[PROVIDED MATERIAL Boundary: Start]

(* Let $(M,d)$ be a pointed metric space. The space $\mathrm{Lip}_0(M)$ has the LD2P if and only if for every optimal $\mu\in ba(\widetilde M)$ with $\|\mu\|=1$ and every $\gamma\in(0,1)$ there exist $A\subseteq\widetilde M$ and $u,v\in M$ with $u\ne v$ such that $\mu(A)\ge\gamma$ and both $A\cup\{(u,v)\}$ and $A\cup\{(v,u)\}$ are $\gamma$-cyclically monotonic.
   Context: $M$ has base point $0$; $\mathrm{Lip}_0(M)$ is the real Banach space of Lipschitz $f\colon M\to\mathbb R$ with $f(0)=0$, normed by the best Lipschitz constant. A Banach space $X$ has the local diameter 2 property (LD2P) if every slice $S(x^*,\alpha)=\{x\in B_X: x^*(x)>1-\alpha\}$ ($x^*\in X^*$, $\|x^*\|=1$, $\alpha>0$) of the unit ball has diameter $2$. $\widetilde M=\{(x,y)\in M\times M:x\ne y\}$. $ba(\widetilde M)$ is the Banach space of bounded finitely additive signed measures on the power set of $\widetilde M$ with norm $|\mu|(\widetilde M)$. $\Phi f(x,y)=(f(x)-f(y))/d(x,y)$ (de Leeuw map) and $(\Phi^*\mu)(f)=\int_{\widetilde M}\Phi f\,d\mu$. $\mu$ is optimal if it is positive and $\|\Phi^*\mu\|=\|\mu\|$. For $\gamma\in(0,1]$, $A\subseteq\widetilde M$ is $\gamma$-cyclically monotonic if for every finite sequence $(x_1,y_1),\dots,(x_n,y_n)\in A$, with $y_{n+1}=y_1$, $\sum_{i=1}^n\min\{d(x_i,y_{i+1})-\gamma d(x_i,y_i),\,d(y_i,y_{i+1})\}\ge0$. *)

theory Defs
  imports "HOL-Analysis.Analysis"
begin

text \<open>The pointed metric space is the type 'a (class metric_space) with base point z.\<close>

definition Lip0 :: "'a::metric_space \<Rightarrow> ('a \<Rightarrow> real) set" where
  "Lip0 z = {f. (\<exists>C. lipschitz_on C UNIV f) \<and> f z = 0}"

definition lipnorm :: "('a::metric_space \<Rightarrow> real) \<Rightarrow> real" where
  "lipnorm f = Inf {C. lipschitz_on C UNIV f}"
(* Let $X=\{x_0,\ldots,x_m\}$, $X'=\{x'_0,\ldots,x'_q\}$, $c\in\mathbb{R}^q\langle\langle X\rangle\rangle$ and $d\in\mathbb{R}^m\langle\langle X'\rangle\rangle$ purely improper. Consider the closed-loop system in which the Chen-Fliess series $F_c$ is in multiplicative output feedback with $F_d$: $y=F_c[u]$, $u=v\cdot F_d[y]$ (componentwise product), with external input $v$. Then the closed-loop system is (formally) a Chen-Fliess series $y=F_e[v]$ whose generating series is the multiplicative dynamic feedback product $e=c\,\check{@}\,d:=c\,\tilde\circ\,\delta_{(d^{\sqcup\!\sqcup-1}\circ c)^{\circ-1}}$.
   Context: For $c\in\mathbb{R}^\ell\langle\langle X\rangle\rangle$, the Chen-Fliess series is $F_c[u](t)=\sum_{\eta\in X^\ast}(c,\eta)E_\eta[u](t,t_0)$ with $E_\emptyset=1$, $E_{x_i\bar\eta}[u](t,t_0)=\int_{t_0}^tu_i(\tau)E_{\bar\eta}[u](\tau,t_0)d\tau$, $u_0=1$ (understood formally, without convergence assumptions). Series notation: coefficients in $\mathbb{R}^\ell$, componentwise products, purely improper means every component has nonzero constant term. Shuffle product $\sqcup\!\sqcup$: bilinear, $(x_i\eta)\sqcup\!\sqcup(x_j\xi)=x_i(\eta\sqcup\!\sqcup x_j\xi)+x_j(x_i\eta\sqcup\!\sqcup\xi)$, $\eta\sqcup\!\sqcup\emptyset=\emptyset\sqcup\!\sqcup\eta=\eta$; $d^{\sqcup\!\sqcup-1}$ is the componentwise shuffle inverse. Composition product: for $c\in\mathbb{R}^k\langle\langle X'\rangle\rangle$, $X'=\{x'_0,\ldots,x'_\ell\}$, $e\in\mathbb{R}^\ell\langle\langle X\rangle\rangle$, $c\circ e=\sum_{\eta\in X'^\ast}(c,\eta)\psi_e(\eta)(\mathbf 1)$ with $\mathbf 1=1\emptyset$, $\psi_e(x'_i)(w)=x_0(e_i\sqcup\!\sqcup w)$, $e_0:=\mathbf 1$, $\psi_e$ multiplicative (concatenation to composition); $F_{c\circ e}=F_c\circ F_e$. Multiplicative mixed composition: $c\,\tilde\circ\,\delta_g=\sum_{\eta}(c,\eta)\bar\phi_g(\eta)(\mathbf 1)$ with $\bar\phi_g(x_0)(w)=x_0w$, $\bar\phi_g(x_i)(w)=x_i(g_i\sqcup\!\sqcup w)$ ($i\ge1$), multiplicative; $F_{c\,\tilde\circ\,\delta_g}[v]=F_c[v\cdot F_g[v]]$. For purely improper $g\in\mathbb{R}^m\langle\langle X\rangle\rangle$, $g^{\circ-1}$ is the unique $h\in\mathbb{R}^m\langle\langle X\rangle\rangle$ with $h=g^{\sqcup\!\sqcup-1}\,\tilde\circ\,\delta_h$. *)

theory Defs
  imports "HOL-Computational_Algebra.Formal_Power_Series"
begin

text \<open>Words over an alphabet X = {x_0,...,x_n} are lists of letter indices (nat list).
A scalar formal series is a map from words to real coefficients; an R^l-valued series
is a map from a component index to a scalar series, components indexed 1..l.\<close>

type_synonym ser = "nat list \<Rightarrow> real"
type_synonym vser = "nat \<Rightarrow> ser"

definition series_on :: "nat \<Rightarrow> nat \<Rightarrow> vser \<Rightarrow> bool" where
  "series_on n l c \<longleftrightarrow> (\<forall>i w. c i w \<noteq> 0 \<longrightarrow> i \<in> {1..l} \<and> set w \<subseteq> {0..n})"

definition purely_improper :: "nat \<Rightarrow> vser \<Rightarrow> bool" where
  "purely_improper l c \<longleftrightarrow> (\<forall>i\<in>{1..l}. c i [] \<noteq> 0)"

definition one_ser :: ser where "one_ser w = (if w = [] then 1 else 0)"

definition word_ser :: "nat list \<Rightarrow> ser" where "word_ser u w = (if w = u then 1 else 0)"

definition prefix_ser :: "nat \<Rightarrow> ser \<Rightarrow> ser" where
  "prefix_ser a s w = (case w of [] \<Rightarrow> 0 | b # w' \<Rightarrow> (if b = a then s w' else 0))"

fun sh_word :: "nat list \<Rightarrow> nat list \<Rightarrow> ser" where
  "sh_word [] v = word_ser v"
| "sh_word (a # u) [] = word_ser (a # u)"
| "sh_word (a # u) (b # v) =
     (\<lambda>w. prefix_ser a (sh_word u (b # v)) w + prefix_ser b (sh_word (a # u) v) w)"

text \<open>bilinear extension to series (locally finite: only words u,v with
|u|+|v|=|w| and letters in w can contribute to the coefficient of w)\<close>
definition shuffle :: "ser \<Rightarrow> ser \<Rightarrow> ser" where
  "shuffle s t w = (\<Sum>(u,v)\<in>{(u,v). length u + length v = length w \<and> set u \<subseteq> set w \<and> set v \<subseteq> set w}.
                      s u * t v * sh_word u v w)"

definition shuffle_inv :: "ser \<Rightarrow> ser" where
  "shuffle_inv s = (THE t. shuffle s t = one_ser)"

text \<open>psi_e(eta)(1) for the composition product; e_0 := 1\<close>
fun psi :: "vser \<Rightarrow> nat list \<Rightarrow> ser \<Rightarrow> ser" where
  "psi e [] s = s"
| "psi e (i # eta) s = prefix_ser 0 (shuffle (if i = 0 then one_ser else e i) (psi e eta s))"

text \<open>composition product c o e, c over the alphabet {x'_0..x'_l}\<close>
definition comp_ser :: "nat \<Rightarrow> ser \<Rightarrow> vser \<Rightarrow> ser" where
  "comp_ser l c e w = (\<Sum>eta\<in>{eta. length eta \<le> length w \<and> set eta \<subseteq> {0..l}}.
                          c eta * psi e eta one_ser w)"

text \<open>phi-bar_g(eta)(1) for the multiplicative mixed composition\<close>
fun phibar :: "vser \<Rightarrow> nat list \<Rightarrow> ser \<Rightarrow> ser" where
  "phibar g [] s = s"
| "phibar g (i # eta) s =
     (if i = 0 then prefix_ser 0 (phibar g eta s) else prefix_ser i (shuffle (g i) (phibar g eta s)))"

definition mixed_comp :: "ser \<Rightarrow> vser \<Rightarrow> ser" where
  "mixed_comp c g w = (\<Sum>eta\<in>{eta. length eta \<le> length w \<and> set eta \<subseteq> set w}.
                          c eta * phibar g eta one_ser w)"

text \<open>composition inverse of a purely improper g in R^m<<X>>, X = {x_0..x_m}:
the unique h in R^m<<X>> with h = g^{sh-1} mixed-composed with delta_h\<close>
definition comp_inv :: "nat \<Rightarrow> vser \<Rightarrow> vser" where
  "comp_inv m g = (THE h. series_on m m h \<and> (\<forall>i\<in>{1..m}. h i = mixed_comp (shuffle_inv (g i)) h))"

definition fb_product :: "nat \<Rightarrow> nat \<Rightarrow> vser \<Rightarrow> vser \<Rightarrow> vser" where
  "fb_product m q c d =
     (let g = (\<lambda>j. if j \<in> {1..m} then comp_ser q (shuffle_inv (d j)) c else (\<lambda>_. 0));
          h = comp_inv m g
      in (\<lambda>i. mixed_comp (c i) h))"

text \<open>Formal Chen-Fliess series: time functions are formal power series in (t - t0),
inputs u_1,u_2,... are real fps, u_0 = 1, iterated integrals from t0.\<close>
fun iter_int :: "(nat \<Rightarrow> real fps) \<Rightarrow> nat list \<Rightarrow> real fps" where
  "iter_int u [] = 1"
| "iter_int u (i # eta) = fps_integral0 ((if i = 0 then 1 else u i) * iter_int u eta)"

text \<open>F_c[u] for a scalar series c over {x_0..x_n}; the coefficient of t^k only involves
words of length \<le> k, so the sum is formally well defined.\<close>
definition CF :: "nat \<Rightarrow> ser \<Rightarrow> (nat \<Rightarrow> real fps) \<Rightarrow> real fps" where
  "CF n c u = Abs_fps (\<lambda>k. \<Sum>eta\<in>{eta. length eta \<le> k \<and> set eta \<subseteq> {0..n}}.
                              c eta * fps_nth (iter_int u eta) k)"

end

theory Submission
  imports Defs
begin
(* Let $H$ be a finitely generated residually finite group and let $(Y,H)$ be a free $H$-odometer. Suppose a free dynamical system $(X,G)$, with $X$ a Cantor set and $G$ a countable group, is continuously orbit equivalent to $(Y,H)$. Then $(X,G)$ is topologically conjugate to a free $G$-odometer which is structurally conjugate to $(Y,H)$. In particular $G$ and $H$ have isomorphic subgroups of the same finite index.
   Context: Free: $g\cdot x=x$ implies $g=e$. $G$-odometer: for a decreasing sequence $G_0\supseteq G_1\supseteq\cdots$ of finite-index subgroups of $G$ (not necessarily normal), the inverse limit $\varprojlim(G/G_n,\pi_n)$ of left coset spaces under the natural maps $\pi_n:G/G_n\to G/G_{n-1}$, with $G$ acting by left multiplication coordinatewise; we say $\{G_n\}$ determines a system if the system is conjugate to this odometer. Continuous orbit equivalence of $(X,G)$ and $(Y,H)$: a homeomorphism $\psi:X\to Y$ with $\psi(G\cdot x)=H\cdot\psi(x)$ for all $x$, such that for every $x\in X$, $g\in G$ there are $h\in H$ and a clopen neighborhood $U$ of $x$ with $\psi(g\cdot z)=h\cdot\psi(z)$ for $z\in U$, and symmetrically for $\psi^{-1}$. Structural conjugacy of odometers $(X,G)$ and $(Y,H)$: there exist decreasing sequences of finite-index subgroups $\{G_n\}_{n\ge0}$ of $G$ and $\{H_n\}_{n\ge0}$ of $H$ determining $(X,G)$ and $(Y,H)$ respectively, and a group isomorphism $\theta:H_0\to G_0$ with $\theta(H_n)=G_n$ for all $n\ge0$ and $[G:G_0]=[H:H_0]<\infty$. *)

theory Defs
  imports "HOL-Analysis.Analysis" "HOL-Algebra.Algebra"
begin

[PROVIDED MATERIAL Boundary: End]

EXERCISE REQUIREMENTS:
If a line in the entries holds the string "list", copy it.

ANSWER BOX:
text \<open>Words over an alphabet X = {x_0,...,x_n} are lists of letter indices (nat list).
type_synonym ser = "nat list \<Rightarrow> real"
definition word_ser :: "nat list \<Rightarrow> ser" where "word_ser u w = (if w = u then 1 else 0)"
fun sh_word :: "nat list \<Rightarrow> nat list \<Rightarrow> ser" where
fun psi :: "vser \<Rightarrow> nat list \<Rightarrow> ser \<Rightarrow> ser" where
fun phibar :: "vser \<Rightarrow> nat list \<Rightarrow> ser \<Rightarrow> ser" where
fun iter_int :: "(nat \<Rightarrow> real fps) \<Rightarrow> nat list \<Rightarrow> real fps" where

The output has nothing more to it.